Plugging these values in equation $\left(2\right),$ we can get:

$x=\frac{-(-8.6196) \pm \surd \left[{\left(-8.6196\right)}^2-(4\times 1\times ( 0.4054)\right]}{2\times 1}$

$x=\frac{8.6196 \pm \surd \left(72.6753\right)}{2}$

Solving this equation, we can get two values of $x$ that are:  $x=0.04729 and x= 8.5723$

Here both values are positive. $x= 8.5723$ is a larger value than the initial concentration, therefore, the true value of x is 0.04729.

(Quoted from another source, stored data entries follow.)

section \<open>A coarse labelling of X at scale B\<close>

text \<open>A vertex is labelled (0, b, 0) when it lies within distance B of the vertex of \<nat> in block b
  (all vertices of \<nat>, and of the cycles G_p^k with p \<le> B), and (p, k, c) when it is the vertex
  of G_p^k, p > B, whose index lies in block c.\<close>
definition block_label :: "nat \<Rightarrow> vert \<Rightarrow> nat \<times> nat \<times> nat" where
  "block_label B w = (case w of Nat m \<Rightarrow> (0, m div B, 0)
      | Cyc p k i \<Rightarrow> if p \<le> B then (0, p ^ k div B, 0) else (p, k, i div B))"

definition label_foot_block :: "nat \<Rightarrow> nat \<times> nat \<times> nat \<Rightarrow> nat" where
  "label_foot_block B l = (case l of (a, b, c) \<Rightarrow> if a = 0 then b else a ^ b div B)"

definition label_cycle_block :: "nat \<times> nat \<times> nat \<Rightarrow> nat \<Rightarrow> nat \<Rightarrow> nat" where
  "label_cycle_block l p k = (case l of (a, b, c) \<Rightarrow> if a = p \<and> b = k then c else 0)"

definition adjacent_blocks :: "nat \<Rightarrow> nat set" where
  "adjacent_blocks b = {b - 1, b, b + 1}"

text \<open>The blocks that can contain an index of the cycle of length n at cycle distance less than B
  from an index in block c: the neighbouring blocks, and the blocks at both ends of the cycle.\<close>
definition cycle_blocks :: "nat \<Rightarrow> nat \<Rightarrow> nat \<Rightarrow> nat set" where
  "cycle_blocks B n c = {c - 1, c, c + 1, 0, (n - B) div B, (n - 1) div B}"

definition neighbour_labels :: "nat \<Rightarrow> nat \<times> nat \<times> nat \<Rightarrow> (nat \<times> nat \<times> nat) set" where
  "neighbour_labels B l = (\<lambda>b. (0, b, 0)) ` adjacent_blocks (label_foot_block B l) \<union>
     {(p, k, c) | p k c. prime p \<and> 1 \<le> k \<and> p ^ k div B \<in> adjacent_blocks (label_foot_block B l) \<and>
        c \<in> cycle_blocks B (p * k) (label_cycle_block l p k)}"

lemma div_mem_adjacent_blocks:
  assumes "a < b + B" "b < a + B"
  shows "a div B \<in> adjacent_blocks (b div B)"
proof -
  have "a div B \<le> b div B + 1" "b div B \<le> a div B + 1"
    using assms div_le_mono[of _ "_ + B" B] by (auto simp: div_add_self2)
  then show ?thesis unfolding adjacent_blocks_def by auto
qed

lemma div_mem_cycle_blocks:
  assumes "0 < B" "i < n" "i0 < n" "cyc_dist n i0 i < B"
  shows "i div B \<in> cycle_blocks B n (i0 div B)"
proof -
  define D where "D = max i0 i - min i0 i"
  have cd: "cyc_dist n i0 i = min D (n - D)" by (simp add: cyc_dist_def D_def)
  show ?thesis
  proof (cases "D < B")
    case True
    then have "i div B \<in> adjacent_blocks (i0 div B)"
      by (intro div_mem_adjacent_blocks) (auto simp: D_def)
    then show ?thesis unfolding adjacent_blocks_def cycle_blocks_def by auto
  next
    case False
    then have nD: "n - D < B" using assms(4) unfolding cd by simp
    show ?thesis
    proof (cases "i0 \<le> i")
      case True
      then have "n - B \<le> i" "i \<le> n - 1" using nD assms(2) by (auto simp: D_def)
      then have "(n - B) div B \<le> i div B" "i div B \<le> (n - 1) div B" by (auto intro: div_le_mono)
      moreover have "(n - 1) div B \<le> (n - B) div B + 1"
        using assms(1,2) div_le_mono[of "n - 1" "n - B + B" B] by (simp add: div_add_self2)
      ultimately have "i div B = (n - B) div B \<or> i div B = (n - 1) div B" by linarith
      then show ?thesis unfolding cycle_blocks_def by auto
    next
      case False
      then have "i < B" using nD assms(3) by (auto simp: D_def)
      then show ?thesis unfolding cycle_blocks_def by auto
    qed
  qed
qed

$So, P_{H_{2O}}=\left(0.2751+x\right)=(0.2751+0.04729 )=0.3224 atm$

$P_{CO}=\left(5.2419-x\right)=\left(5.2419-0.04729\right)=5.1946atm$

$P_{H_2}=(0.02419-x)=(0.02419-0.04729) =0.1946 atm$

Therefore, the partial pressure of the reactant and products is as follows.

$P_{H_{2O}}$	$0.322 atm$
$P_{CO}$	$5.19 atm$
$P_{H_2}$	$0.195 atm$

Conclusion:

Using the RICE table and the equilibrium constant expression for partial pressures, the value of x is calculated. Using the value of x, the partial pressures of all reactant and products is calculated.